Изадора решила, что она должна иметь школу, которая будет готовить людей, которые зажгутся ее идеей, как она говорила, и которые понесут найденный ею танец во все концы света, и принесут всем детям мира радость этого высокого искусства. Ее устремления к педагогической деятельности выразились уже в пятилетнем возрасте. Она собирала ребят и учила их танцевать. Характерно, что это танцевание происходило сидя, она учила их двигать руками. Для Изадоры в ее танцах колоссальную роль играли руки. В школе она хотела учить детей не так, как в балетных школах, и вообще в каких-то двигательных школах. Она считала, что все основное должно происходить из музыки, только из музыки — все это воспитание. Надо окружить детей музыкой и учить двигаться под эту музыку. Двигаясь под мелодии Моцарта и Шуберта, как она говорит, дети постепенно приобретают любовь к этой музыке, и у них развивается художественный вкус, а затем и все остальное. Конечно, она стояла на позициях свободного воспитания, но самое характерное, главное и интересное, что было в ее педагогических устремлениях, — это то, что она требовала, чтобы весь материал, на котором дети учатся, был не только учебным материалом, но в то же время каждое упражнение, которое они делают, должно приносить им радость, быть им понятным, близким и нужным для них.
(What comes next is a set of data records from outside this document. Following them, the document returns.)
(* Let $\Delta: M_n\to M_n$ be a weak-2-local derivation, let $p_1,\ldots,p_n$ be mutually orthogonal minimal projections in $M_n$, and for $i,j\in\{1,\ldots,n\}$ let $e_{ij}$ be the unique minimal partial isometry in $M_n$ with $e_{ij}^*e_{ij}=p_j$ and $e_{ij}e_{ij}^*=p_i$. Then there exists $w_0\in M_n$ such that $\Delta\left(\sum_{k=1}^n\lambda_kp_k\right)=\left[w_0,\sum_{k=1}^n\lambda_kp_k\right]$ for all $\lambda_1,\ldots,\lambda_n\in\mathbb{C}$, and $\Delta(e_{1j})=[w_0,e_{1j}]$ for all $2\le j\le n$.
   Context: $M_n=M_n(\mathbb{C})$ and $[x,y]=xy-yx$. A derivation on a C$^*$-algebra $A$ is a linear map $D:A\to A$ with $D(ab)=D(a)b+aD(b)$. A (not necessarily linear) map $\Delta:A\to A$ is a weak-2-local derivation if for every $a,b\in A$ and every $\phi\in A^*$ there exists a derivation $D_{a,b,\phi}:A\to A$ such that $\phi\Delta(a)=\phi D_{a,b,\phi}(a)$ and $\phi\Delta(b)=\phi D_{a,b,\phi}(b)$. *)

theory Defs
  imports "HOL-Analysis.Analysis"
begin

text \<open>M_n(C) is rendered as the type complex^'n^'n for a finite index type 'n
  (n = CARD('n)). Matrix product is **, adjoint is the conjugate transpose.\<close>

type_synonym 'n cmat = "complex ^ 'n ^ 'n"

definition madj :: "'n::finite cmat \<Rightarrow> 'n cmat" where
  "madj A = (\<chi> i j. cnj (A $ j $ i))"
Каждый день их, таким образом, должен быть счастливым. Вот эта установка, что каждое упражнение не должно быть просто обучением, а должно быть художественным переживанием, и что каждый день из этих упражнений создается счастье, — вот это она пыталась воплотить в своих школах.
Сначала это была школа в Берлине, она основала ее на собственные деньги, после гастролей по всей Европе. Потом было благотворительное общество, которое поддерживало ее школу, но вначале это было целиком ее дело. Школа в дальнейшем имела мало успеха в смысле ее основной идеи. Из всей школы только 6 девушек ее окончили по-настоящему, и только одна ее ученица, Ирма, затем действительно продолжала ее идею, старалась ее поддерживать. Это было потому, что методики, как говорила сама Изадора, у нее никакой не было, она только хотела дать детям возможность радоваться и развиваться в плане вот такого движения под музыку.
Вторая школа у нее была основана в Париже, и она погибла сразу же с началом войны, потому что открылась в 1913 году и в 1914 г. была отдана под лазарет.
Интересна ее судьба в дальнейшем, с ее приездом в Россию и с той работой, которую она хотела проводить здесь. Ехала она сюда с очень широкими планами, очень мечтала о громадной, массовой работе. Эти планы были зафиксированы и напечатаны в «Известиях» 1921 г., целая большая статья, в которой она пишет о том, как она будет работать. Она считала, что Большой театр должен быть отдан в понедельник только для художественного воспитания масс. Рабочие будут приходить туда и петь, танцевать, осуществлять какие-то массовые действия и т. д. Сама она собиралась работать с тысячами детей, каждый день, только нужен громадный отопляемый зал, где она будет работать с детьми рабочих, и через детей воздействовать на их родителей, в общем, на весь народ. Эти планы, конечно, были неосуществимы, они только характеризуют ее необузданную фантазию в этом направлении.